CAM2602 characterization. (A) X-ray crystal structure of CAM2602 bound to Aurora A is shown (purple carbons; PDB: 8C1K) along with key interactions in the Tyr pocket (B) View from above the Tyr pocket with Aurora A as a molecular surface. (C) Overlay of compound 2 and CAM2602 shows remarkable preservation of the binding pose across the inhibitor development series. (D) Competition fluorescence polarization assay of CAM2602 competing with the TPX2 peptide. (E) Kinase panel results were obtained using compound 9. Red spheres indicate cross-reactivity with kinases in the phylogenetic tree with no observed reactivity for compound 9 in the panel of 97 human kinases; details in Figure S3. (F) Isothermal titration calorimetry titration of compound 8 to Aurora A (left) and to Aurora B (right). (G) Conservation of residues in the Tyr pocket between Aurora A (light gray, PDB: 8C1K) and Aurora B (pale blue, PDB: 4AF3) with residues lining the Tyr pocket shown as sticks and nonconserved residues in Aurora B colored red. The same residues are shown below the figure with red background for nonconserved ones. On the right is a zoomed-in view of CAM2602 binding to Aurora A, overlaid with the Aurora B structure (pale blue). The surfaces of additional methyl groups in Ile126 and Ile150 are displayed with surface dots, showing their proximity to CAM2602.

Figure 4

Cellular efficacy of the CAM2602 series. (A) High-content microscopy assays to evaluate mislocalization of Aurora A from the mitotic spindle or loss of P-Thr288 Aurora A in mitotic nuclei when treated with the inhibitor. HeLa cells were treated with titrations of the indicated compounds for 2 h before being fixed, stained for Aurora A, and analyzed using high-content microscopy to determine the percentage of observed mitotic cells at each concentration with spindle-displaced Aurora A (mislocalization). The indicated EC₅₀ values for each compound were calculated from the plots of assay scores against the compound concentration. (B) As in A but stained for dephosphorylated Thr288 Aurora A. (C) Viability assays in Jurkat cells. Jurkat cells were cultured for 72 h with titrations of the indicated compounds. Viability assays were performed following the treatment period and the data normalized to the vehicle-treated controls. GI₅₀ values were calculated from plots of the viability assay data. (D) Viability in HeLa cells, determined similarly to (C).

Figure 5

In vitro and in vivo characterization of CAM2602. (A) Jurkat cells were treated for 8 h with 20 μM CAM2602 or 14 nM alisertib and analyzed by flow cytometry for PH3-positive cells relative to vehicle controls.
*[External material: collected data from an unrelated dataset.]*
(* There is an absolute constant $c>0$ such that the following holds. Let $G$ be a simple undirected graph presented as a stream of $m$ distinct edges $e_1,\dots,e_m$, with $W$ wedges and $T\ge 1$ triangles, and let $\kappa = 3T/W$. Assume $W \ge m$ and fix $\beta\in(0,1)$. Run the algorithm Single-Bit with a reservoir of $s$ slots, where $s \ge c\,m/(\beta^3\sqrt{T})$, and let $b_m$ be its output bit at the final time $m$ and $\mathcal{W}_m$ its wedge multiset at time $m$. Set $est = m^2|\mathcal{W}_m|/(s(s-1))$. Then $|\kappa/3 - \mathbf{E}[b_m]| < \beta$, and with probability greater than $1-\beta$, $|W - est| < \beta W$.
   Context: A wedge in a graph is a path of length 2, i.e. an unordered pair of distinct edges sharing exactly one vertex; $W$ is the number of wedges of $G$. A wedge is closed if the edge joining its two non-shared endpoints is in the graph. $G_t$ is the graph on edges $\{e_1,\dots,e_t\}$. Algorithm Single-Bit (with reservoir size $s$): it maintains a reservoir $\mathcal{R}_t=(r_1,\dots,r_s)$ of $s$ edge slots. At each time $t=1,\dots,m$, each slot of $\mathcal{R}_{t-1}$ is independently replaced by $e_t$ with probability $1/t$, giving $\mathcal{R}_t$ (so at $t=1$ all slots hold $e_1$). $\mathcal{W}_t$ is the multiset of wedges $\{r_i,r_j\}$, $i<j$, formed by pairs of slots of $\mathcal{R}_t$ (one element per slot pair forming a wedge). $\mathcal{D}_t$ is the set of elements of $\mathcal{W}_t$ closed by $e_t$ (i.e. $e_t$ joins the two non-shared endpoints). With $\mathcal{C}_0=\emptyset$, set $\mathcal{C}_t = (\mathcal{C}_{t-1}\cap\mathcal{W}_t)\cup\mathcal{D}_t$. If $\mathcal{W}_t$ is empty, output $b_t=0$; otherwise pick a uniformly random element of $\mathcal{W}_t$ and output $b_t=1$ if it lies in $\mathcal{C}_t$ and $b_t=0$ otherwise. The expectation is over the randomness of the algorithm; the stream order is arbitrary but fixed. *)

theory Defs
  imports "HOL-Probability.Probability"
begin

type_synonym edge = "nat set"

definition is_edge :: "edge \<Rightarrow> bool" where
  "is_edge e \<longleftrightarrow> card e = 2"

definition is_wedge :: "edge \<Rightarrow> edge \<Rightarrow> bool" where
  "is_wedge e f \<longleftrightarrow> e \<noteq> f \<and> card (e \<inter> f) = 1"

definition closing_edge :: "edge \<Rightarrow> edge \<Rightarrow> edge" where
  "closing_edge e f = (e \<union> f) - (e \<inter> f)"

definition num_wedges :: "edge set \<Rightarrow> nat" where
  "num_wedges E = card {{e, f} | e f. e \<in> E \<and> f \<in> E \<and> is_wedge e f}"

definition num_triangles :: "edge set \<Rightarrow> nat" where
  "num_triangles E = card {X :: nat set. card X = 3 \<and>
      (\<forall>x\<in>X. \<forall>y\<in>X. x \<noteq> y \<longrightarrow> {x, y} \<in> E)}"

text \<open>Reservoir: slots 0..s-1, a state is the reservoir together with the set
  C of slot pairs (i,j), i<j, whose wedge is marked closed.\<close>
type_synonym state = "(nat \<Rightarrow> edge) \<times> (nat \<times> nat) set"

text \<open>The wedge multiset W_t, represented by the slot pairs forming a wedge.\<close>
definition wedge_pairs :: "nat \<Rightarrow> (nat \<Rightarrow> edge) \<Rightarrow> (nat \<times> nat) set" where
  "wedge_pairs s R = {(i, j). i < j \<and> j < s \<and> is_wedge (R i) (R j)}"

definition sb_step :: "nat \<Rightarrow> nat \<Rightarrow> edge \<Rightarrow> state \<Rightarrow> state pmf" where
  "sb_step s t e st =
     map_pmf (\<lambda>mask.
        let R = fst st; C = snd st;
            R' = (\<lambda>i. if mask i then e else R i);
            W' = wedge_pairs s R';
            D = {(i, j) \<in> W'. e = closing_edge (R' i) (R' j)};
            Ckeep = {(i, j) \<in> C \<inter> W'. \<not> mask i \<and> \<not> mask j}
        in (R', Ckeep \<union> D))
     (Pi_pmf {..<s} False (\<lambda>_. bernoulli_pmf (1 / real t)))"

fun sb_state :: "nat \<Rightarrow> edge list \<Rightarrow> nat \<Rightarrow> state pmf" where
  "sb_state s es 0 = return_pmf (\<lambda>_. {}, {})"
| "sb_state s es (Suc t) = sb_state s es t \<bind> sb_step s (Suc t) (es ! t)"

definition sb_output :: "nat \<Rightarrow> state \<Rightarrow> bool pmf" where
  "sb_output s st =
     (if wedge_pairs s (fst st) = {} then return_pmf False
      else map_pmf (\<lambda>p. p \<in> snd st) (pmf_of_set (wedge_pairs s (fst st))))"

definition sb_final_bit :: "nat \<Rightarrow> edge list \<Rightarrow> bool pmf" where
  "sb_final_bit s es = sb_state s es (length es) \<bind> sb_output s"

definition sb_est :: "nat \<Rightarrow> nat \<Rightarrow> state \<Rightarrow> real" where
  "sb_est s m st = real m ^ 2 * real (card (wedge_pairs s (fst st))) / (real s * (real s - 1))"

end

theory Submission
  imports Defs
begin

text \<open>At every time \<open>t\<close> the reservoir slots are independent uniform samples of the first
  \<open>t\<close> edges, and a slot wedge is marked closed iff its closing edge arrived after both of its
  edges. Hence \<open>|W_m|\<close> and \<open>|C_m|\<close> are U-statistics of order two in \<open>s\<close> i.i.d. uniform
  edges, with means \<open>s(s-1)W/m\<^sup>2\<close> and \<open>s(s-1)T/m\<^sup>2\<close>: every triangle carries exactly one
  closed wedge, the one whose closing edge arrives last. Their variances are at most the mean
  plus \<open>4s\<^sup>3\<close> times the second moment of \<open>d(e)/m\<close>, where \<open>d(e)\<close> is the number of wedges
  containing a uniform edge \<open>e\<close>; and \<open>d(e) \<le> 5\<surd>W\<close> because a vertex of degree \<open>k\<close> already
  carries \<open>k choose 2\<close> wedges. For \<open>s \<ge> c m/(\<beta>\<^sup>3\<surd>T)\<close> Chebyshev's inequality
  therefore keeps both counts within a small multiple of \<open>\<beta>\<close> times the mean of \<open>|W_m|\<close>,
  which yields the estimate and, through the ratio \<open>|C_m|/|W_m|\<close> that the output bit
  samples, its bias bound.\<close>

section \<open>Expectations under product distributions\<close>

lemma expectation_bind_pmf_finite:
  fixes h :: "'b \<Rightarrow> real"
  assumes "finite (set_pmf p)" "\<And>x. x \<in> set_pmf p \<Longrightarrow> finite (set_pmf (f x))"
  shows "measure_pmf.expectation (p \<bind> f) h =
         measure_pmf.expectation p (\<lambda>x. measure_pmf.expectation (f x) h)"
proof -
  have "measure_pmf.expectation (p \<bind> f) h =
        (\<Sum>a\<in>set_pmf p. pmf p a *\<^sub>R measure_pmf.expectation (f a) h)"
    using assms by (intro pmf_expectation_bind) auto
  also have "\<dots> = measure_pmf.expectation p (\<lambda>x. measure_pmf.expectation (f x) h)"
    using assms by (subst integral_measure_pmf[of "set_pmf p"]) (auto simp: mult.commute)
  finally show ?thesis .
qed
PH3-positive cells from each sample were assessed for a loss of P-Thr288 positivity. (B) Female NSG mice bearing solid Jurkat tumors (subcutaneous implantation, rear dorsum) were administered a single oral dose of either CAM2602 or vehicle. Tumor cells from 0, 8, or 12 h of treatment were analyzed by flow cytometry similarly to in vitro samples in panel A. (C) Pharmacokinetic analysis of CAM2602 or alisertib concentrations in tumor and plasma samples taken at 8 or 12 h after dosing with 200 and 30 mg/kg, respectively. (D) NSG mice bearing subcutaneous, solid tumor xenografts of Jurkat cells were dosed orally once per day with either vehicle, CAM2602, or alisertib, as indicated (n = 5). Tumor volumes were estimated periodically over the 26 days of dosing by calliper measurement. Error bars show the standard deviation from the mean.